#### EXCERPTED RECORDS

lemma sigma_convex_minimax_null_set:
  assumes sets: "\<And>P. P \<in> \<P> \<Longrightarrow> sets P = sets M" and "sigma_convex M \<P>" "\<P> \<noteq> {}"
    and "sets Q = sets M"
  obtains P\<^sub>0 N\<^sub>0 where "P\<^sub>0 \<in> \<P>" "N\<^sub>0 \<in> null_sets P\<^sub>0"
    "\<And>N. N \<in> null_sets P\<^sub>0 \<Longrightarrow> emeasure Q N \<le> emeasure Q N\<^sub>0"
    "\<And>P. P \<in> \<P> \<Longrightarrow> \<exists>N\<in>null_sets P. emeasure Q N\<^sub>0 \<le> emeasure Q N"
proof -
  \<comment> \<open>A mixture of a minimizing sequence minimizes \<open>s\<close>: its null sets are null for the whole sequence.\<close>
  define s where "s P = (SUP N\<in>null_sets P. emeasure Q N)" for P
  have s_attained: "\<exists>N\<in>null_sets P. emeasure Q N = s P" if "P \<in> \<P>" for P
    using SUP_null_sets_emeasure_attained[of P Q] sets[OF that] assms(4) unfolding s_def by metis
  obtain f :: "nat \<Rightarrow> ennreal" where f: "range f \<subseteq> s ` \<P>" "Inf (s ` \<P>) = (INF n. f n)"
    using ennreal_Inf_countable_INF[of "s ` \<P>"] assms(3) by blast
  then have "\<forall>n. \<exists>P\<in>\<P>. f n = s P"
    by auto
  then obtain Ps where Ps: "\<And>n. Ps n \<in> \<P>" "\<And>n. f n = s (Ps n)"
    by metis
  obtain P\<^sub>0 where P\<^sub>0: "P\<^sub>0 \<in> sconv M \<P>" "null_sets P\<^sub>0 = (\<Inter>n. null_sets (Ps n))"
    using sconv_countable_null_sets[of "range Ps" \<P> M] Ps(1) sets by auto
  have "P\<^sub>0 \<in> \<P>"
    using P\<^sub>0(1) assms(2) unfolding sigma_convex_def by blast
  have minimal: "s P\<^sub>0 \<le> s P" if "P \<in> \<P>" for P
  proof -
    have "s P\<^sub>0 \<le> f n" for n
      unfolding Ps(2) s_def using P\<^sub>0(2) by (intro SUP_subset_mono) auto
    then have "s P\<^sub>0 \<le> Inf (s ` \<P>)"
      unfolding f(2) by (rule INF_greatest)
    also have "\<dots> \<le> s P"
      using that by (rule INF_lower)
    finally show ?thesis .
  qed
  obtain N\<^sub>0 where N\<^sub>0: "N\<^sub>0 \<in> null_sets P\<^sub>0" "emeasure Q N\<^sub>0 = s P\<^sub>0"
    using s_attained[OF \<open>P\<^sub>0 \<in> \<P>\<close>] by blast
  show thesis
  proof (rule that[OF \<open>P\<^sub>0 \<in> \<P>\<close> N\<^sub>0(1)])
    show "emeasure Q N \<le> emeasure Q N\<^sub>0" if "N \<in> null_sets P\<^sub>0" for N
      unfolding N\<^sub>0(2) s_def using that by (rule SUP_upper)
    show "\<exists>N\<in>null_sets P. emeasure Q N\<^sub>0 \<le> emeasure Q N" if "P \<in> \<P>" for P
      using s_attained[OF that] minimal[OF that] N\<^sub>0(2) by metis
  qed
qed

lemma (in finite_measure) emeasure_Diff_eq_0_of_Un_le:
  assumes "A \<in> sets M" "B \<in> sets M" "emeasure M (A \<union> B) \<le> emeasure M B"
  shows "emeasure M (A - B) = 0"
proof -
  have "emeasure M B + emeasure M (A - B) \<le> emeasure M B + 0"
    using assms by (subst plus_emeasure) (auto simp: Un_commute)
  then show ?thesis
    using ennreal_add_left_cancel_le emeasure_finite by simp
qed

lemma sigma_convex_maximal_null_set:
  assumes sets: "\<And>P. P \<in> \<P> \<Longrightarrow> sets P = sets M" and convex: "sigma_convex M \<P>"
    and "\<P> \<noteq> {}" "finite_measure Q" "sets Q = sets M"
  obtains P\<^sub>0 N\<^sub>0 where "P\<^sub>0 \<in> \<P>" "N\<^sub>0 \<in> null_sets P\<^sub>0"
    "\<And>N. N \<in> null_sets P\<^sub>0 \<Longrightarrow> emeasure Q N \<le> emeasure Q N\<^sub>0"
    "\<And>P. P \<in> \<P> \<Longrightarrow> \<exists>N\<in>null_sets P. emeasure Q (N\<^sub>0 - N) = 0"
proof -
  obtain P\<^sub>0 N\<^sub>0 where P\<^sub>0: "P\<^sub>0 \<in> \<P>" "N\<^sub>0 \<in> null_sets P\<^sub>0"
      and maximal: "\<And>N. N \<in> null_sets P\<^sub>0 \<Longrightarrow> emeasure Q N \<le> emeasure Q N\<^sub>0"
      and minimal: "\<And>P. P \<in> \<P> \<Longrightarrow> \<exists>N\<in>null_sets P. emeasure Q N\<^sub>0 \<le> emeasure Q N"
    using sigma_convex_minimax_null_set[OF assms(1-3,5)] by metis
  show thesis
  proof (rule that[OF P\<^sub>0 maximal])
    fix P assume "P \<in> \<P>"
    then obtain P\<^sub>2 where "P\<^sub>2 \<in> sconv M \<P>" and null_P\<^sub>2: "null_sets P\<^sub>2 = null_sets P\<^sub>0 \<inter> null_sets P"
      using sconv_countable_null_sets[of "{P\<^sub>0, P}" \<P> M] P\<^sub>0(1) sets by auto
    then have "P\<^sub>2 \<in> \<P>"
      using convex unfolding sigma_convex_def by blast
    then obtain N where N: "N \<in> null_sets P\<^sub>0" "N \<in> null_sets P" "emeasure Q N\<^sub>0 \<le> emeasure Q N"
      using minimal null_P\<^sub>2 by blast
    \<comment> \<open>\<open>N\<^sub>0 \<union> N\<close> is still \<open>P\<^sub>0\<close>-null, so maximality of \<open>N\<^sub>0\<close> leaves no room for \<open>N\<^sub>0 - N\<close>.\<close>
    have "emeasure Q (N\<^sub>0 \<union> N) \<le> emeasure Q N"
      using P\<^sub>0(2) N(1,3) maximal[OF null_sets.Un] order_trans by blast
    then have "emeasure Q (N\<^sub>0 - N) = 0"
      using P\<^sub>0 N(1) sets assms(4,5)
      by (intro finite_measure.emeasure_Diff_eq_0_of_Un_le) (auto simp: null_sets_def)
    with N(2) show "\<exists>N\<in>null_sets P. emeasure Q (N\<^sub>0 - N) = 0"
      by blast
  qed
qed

#### WORK REQUIRED
Check each line above for "unfolding" and return the ones that have it.

#### TASK ANSWER
    using SUP_null_sets_emeasure_attained[of P Q] sets[OF that] assms(4) unfolding s_def by metis
    using P\<^sub>0(1) assms(2) unfolding sigma_convex_def by blast
      unfolding Ps(2) s_def using P\<^sub>0(2) by (intro SUP_subset_mono) auto
      unfolding f(2) by (rule INF_greatest)
      unfolding N\<^sub>0(2) s_def using that by (rule SUP_upper)
      using convex unfolding sigma_convex_def by blast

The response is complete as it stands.